Dataset entries
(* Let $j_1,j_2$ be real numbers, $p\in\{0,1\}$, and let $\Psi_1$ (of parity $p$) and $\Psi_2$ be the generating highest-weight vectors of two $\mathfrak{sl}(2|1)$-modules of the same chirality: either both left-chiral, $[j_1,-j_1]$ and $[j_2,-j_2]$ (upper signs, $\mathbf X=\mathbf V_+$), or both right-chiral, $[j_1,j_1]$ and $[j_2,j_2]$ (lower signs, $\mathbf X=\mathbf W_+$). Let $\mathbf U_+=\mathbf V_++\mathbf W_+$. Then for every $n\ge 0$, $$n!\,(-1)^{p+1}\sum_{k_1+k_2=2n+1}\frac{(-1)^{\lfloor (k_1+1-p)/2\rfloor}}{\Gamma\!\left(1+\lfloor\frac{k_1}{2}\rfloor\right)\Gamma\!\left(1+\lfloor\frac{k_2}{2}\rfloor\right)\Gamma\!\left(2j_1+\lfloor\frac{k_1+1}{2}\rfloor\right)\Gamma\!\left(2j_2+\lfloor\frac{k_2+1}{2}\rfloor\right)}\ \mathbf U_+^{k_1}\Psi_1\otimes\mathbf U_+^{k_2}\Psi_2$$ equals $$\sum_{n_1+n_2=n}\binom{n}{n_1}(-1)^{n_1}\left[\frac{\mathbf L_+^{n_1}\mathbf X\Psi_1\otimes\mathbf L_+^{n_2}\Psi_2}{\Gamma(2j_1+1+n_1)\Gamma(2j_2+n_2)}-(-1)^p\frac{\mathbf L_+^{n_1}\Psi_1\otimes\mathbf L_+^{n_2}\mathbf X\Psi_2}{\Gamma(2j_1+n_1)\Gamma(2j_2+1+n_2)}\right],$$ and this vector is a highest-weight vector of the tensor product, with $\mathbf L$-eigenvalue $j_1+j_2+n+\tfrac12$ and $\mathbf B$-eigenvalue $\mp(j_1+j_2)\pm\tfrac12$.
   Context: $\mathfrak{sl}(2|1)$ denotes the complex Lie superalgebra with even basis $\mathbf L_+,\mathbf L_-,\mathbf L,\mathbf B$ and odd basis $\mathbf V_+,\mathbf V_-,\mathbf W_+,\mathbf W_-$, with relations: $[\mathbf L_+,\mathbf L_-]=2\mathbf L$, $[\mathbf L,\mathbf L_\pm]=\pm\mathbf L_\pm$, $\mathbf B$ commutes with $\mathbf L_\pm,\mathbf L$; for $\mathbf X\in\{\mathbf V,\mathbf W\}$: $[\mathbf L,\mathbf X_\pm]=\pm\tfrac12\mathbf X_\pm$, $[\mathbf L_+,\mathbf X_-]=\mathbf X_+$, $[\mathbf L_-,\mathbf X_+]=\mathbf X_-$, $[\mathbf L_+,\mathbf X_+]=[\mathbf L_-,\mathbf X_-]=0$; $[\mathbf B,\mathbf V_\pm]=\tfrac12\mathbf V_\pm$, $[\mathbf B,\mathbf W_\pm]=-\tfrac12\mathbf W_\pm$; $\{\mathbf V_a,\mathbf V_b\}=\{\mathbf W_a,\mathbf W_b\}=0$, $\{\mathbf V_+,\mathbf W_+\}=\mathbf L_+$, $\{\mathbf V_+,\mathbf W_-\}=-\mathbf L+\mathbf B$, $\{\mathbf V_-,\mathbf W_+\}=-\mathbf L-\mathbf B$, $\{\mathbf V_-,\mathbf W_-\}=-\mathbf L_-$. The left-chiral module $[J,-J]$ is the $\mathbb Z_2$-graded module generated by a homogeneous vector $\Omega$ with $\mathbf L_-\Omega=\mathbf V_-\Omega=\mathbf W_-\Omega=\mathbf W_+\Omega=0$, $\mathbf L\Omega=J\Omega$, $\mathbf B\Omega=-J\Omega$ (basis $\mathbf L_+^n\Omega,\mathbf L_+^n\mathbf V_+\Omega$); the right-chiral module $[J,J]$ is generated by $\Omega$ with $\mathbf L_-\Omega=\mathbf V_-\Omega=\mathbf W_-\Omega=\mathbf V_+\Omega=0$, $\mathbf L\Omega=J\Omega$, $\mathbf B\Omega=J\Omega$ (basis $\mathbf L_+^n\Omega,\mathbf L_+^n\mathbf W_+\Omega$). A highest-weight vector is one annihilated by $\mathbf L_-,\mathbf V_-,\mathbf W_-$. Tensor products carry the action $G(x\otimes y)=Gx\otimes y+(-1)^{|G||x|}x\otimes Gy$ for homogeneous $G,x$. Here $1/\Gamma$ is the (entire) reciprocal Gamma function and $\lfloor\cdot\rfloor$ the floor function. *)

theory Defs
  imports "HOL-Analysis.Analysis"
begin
==
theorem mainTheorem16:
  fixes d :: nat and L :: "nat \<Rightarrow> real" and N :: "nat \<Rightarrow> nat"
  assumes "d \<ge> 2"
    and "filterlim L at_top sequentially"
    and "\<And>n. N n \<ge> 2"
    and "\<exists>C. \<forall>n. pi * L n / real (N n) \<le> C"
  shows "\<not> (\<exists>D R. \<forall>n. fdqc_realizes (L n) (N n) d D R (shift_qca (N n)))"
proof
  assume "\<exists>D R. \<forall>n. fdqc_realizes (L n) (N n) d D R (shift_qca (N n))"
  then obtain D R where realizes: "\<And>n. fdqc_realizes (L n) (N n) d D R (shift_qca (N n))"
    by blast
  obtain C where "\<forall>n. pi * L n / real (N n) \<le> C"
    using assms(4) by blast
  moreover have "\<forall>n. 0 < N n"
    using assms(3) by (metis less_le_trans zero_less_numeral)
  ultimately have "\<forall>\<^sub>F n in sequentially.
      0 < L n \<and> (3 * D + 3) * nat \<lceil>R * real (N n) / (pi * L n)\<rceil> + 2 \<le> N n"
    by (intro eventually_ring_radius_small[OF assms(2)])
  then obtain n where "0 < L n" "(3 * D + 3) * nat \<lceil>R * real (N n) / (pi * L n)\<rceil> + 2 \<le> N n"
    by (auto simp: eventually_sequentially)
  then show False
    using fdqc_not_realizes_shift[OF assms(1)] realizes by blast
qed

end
---
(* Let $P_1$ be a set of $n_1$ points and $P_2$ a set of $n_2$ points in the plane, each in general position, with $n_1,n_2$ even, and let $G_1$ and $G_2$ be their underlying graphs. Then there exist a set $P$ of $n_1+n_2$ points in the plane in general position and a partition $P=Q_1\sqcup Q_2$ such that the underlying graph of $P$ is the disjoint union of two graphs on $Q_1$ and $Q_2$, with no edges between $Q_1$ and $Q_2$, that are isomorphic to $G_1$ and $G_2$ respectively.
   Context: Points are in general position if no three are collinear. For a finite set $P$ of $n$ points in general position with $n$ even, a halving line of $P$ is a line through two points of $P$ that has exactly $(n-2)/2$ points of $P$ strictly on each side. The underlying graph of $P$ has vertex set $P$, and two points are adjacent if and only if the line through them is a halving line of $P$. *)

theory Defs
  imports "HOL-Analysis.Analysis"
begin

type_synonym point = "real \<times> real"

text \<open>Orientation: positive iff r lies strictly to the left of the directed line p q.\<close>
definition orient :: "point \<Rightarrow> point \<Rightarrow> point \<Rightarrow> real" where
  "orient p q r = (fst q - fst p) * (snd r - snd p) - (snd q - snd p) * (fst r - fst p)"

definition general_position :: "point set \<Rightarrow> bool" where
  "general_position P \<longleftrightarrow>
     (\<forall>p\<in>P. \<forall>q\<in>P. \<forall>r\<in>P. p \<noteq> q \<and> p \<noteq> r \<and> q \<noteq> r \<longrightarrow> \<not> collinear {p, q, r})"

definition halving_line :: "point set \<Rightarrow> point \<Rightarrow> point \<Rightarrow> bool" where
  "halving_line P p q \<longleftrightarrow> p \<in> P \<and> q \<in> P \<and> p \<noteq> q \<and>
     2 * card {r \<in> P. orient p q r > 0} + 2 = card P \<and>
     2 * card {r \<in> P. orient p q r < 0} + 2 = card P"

• [WORK TO COMPLETE]
Search the data above for the word "assms", then gather each line in which it appears.

• [OUTPUT OF THE TASK]
    using assms(4) by blast
    using assms(3) by (metis less_le_trans zero_less_numeral)
    by (intro eventually_ring_radius_small[OF assms(2)])
    using fdqc_not_realizes_shift[OF assms(1)] realizes by blast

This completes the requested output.